At a point subjected to plane stress, the stresses are σx = 25 ksi, σy = 5 ksi, and τxy = –20 ksi. Determine the angle θp corresponding to the orientation of the principal planes at the point.

A continuous beam’s flexural reinforcement must extend at least _____ from the point where it is no longer needed to resist tension. Assume f’c = 4,000 psi, fyt = 40,000 psi, b1 = 28 in., b2 = 10 in., d1 = 4 in., d2 = 19 in., and that there are three No. 7 longitudinal tension bars and No. 5 stirrups at 12 in. o.c. The stirrup hooks are 90°.

A continuous beam’s flexural reinforcement must extend at least _____ from the point where it is no longer needed to resist tension. Assume f’c = 4,000 psi, fyt = 40,000 psi, b1 = 28 in., b2 = 15 in., d = 23 in., h1 = 6 in., h2 = 13 in., h3 = 9 in., and t = 6 in. There are four No. 8 longitudinal tension bars and No. 3 stirrups at 9 in. o.c.

A rectangular beam with cross section b = 14 in., h = 28 in., and d = 25.5 in. supports a total factored uniform load of 1.20 kips/ft, including its own dead load.
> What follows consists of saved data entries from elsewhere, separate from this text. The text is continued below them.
lemma pair_weights_sum_one_if_out_degrees_upt:
  assumes simple: "simple_weighted_digraph n w"
    and no_two_cycles: "\<And>i j. i < n \<Longrightarrow> j < n \<Longrightarrow> w i j * w j i = 0"
    and degrees: "mset (map (out_degree n w) [0..<n]) = mset (map real [0..<n])"
    and "i < n" and "j < n" and "i \<noteq> j"
  shows "w i j + w j i = 1"
proof -
  have "(\<Sum>i<n. out_degree n w i) = (\<Sum>m<n. real m)"
    using arg_cong[OF degrees, of sum_mset]
    by (simp add: atLeast0LessThan flip: sum_unfold_sum_mset)
  then have "2 * (\<Sum>a<n. \<Sum>b<n. w a b) = real n * (real n - 1)"
    unfolding out_degree_def double_sum_lessThan[symmetric] by simp
  moreover have "2 * (\<Sum>a<n. \<Sum>b<n. w a b) =
      real n * (real n - 1) - (\<Sum>a<n. \<Sum>b\<in>{..<n} - {a}. 1 - (w a b + w b a))"
    using simple double_weight_sum_eq_pairs_minus_deficit[of "{..<n}" w]
    by (simp add: simple_weighted_digraph_def)
  ultimately have deficit: "(\<Sum>a<n. \<Sum>b\<in>{..<n} - {a}. 1 - (w a b + w b a)) = 0"
    by linarith
  have nonneg: "0 \<le> 1 - (w a b + w b a)" if "a < n" "b < n" for a b
  proof -
    have "w a b = 0 \<or> w b a = 0"
      using no_two_cycles[OF that] by simp
    moreover have "w a b \<le> 1" "w b a \<le> 1" "0 \<le> w a b" "0 \<le> w b a"
      using simple that by (simp_all add: simple_weighted_digraph_def)
    ultimately show ?thesis
      by linarith
  qed
  have "1 - (w i j + w j i) = 0"
    by (rule double_sum_nonneg_eq_0D[OF _ _ deficit]) (use nonneg assms(4-6) in simp_all)
  then show ?thesis
    by simp
qed

lemma mset_map_eq_upt_inj_image:
  fixes d :: "nat \<Rightarrow> real"
  assumes "mset (map d [0..<n]) = mset (map real [0..<n])"
  shows "inj_on d {..<n}" and "d ` {..<n} = real ` {..<n}"
  using mset_eq_imp_distinct_iff[OF assms] mset_eq_setD[OF assms]
  by (simp_all add: distinct_map atLeast0LessThan inj_on_def)
(* Let $G_1$ and $G_2$ be two graphs of order $n$ with the same adjacency spectra but different degree sequences. Assume there are vertices $x_1$ of $G_1$ and $x_2$ of $G_2$ such that $G_1-\{x_1\}$ and $G_2-\{x_2\}$ have the same adjacency spectra, and let $U_i$ be the vertex set of $G_i-\{x_i\}$. For any graph $\Gamma$ with a fixed vertex $y$, let $G_i'$ be the coalescence of $(G_i,x_i)$ with $(\Gamma,y)$. Then $G_1'$ and $G_2'$ have the same adjacency spectrum for every $(\Gamma,y)$. Moreover, if $G_1$ and $G_2$ both have minimum degree at least $2$ and $\prod_{v\in U_1}(\deg(v)-1)\ne\prod_{v\in U_2}(\deg(v)-1)$, then $Z_{G_1'}\ne Z_{G_2'}$; and if $G_1$ and $G_2$ both have minimum degree at least $1$ and $\prod_{v\in U_1}\deg(v)\ne\prod_{v\in U_2}\deg(v)$, then $Z_{G_1'^*}\ne Z_{G_2'^*}$. Here $\deg(v)$ is the degree of $v$ in $G_i$ for $v\in U_i$.
   Context: Graphs are finite and simple. The coalescence of $(G,x)$ with $(\Gamma,y)$ is the disjoint union of $G$ and $\Gamma$ with the vertices $x$ and $y$ identified. $Z_G$ is the Ihara zeta function: for a graph with adjacency matrix $A$, degree matrix $D$, $n_G$ vertices and $m_G$ edges, $Z_G(t)=(1-t^2)^{n_G-m_G}\det(I-tA+t^2(D-I))^{-1}$ (equivalently the product $\prod_{[\gamma]}(1-t^{\ell(\gamma)})^{-1}$ over rotation classes of primitive closed geodesics). The cone $G^*$ is $G$ plus a new vertex adjacent to every vertex of $G$. *)

theory Defs
  imports "HOL-Analysis.Analysis" "HOL-Computational_Algebra.Computational_Algebra"
begin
The beam is simply supported with a 24-ft span. It is reinforced with five No. 5 Grade 60 bars, three of which are cutoff between midspan and the support and two of which extend 10 in. past the centers of the supports. The concrete strength is 6,000 psi (normal weight). The beam has Grade 60 No. 3 stirrups satisfying ACI 318-14 Sections 9.7.6.2.2 and 9.6.3.3. The strength of the five bars is φMn = 173.3 kip-ft, and the strength of the remaining two bars is φMn = 70.42 kip-ft. If the distance from the support to the theoretical cutoff point is 6.839 ft, determine the distance from the support to the actual cutoff point (i.e. use ACI 318-14 Section 9.7.3.3).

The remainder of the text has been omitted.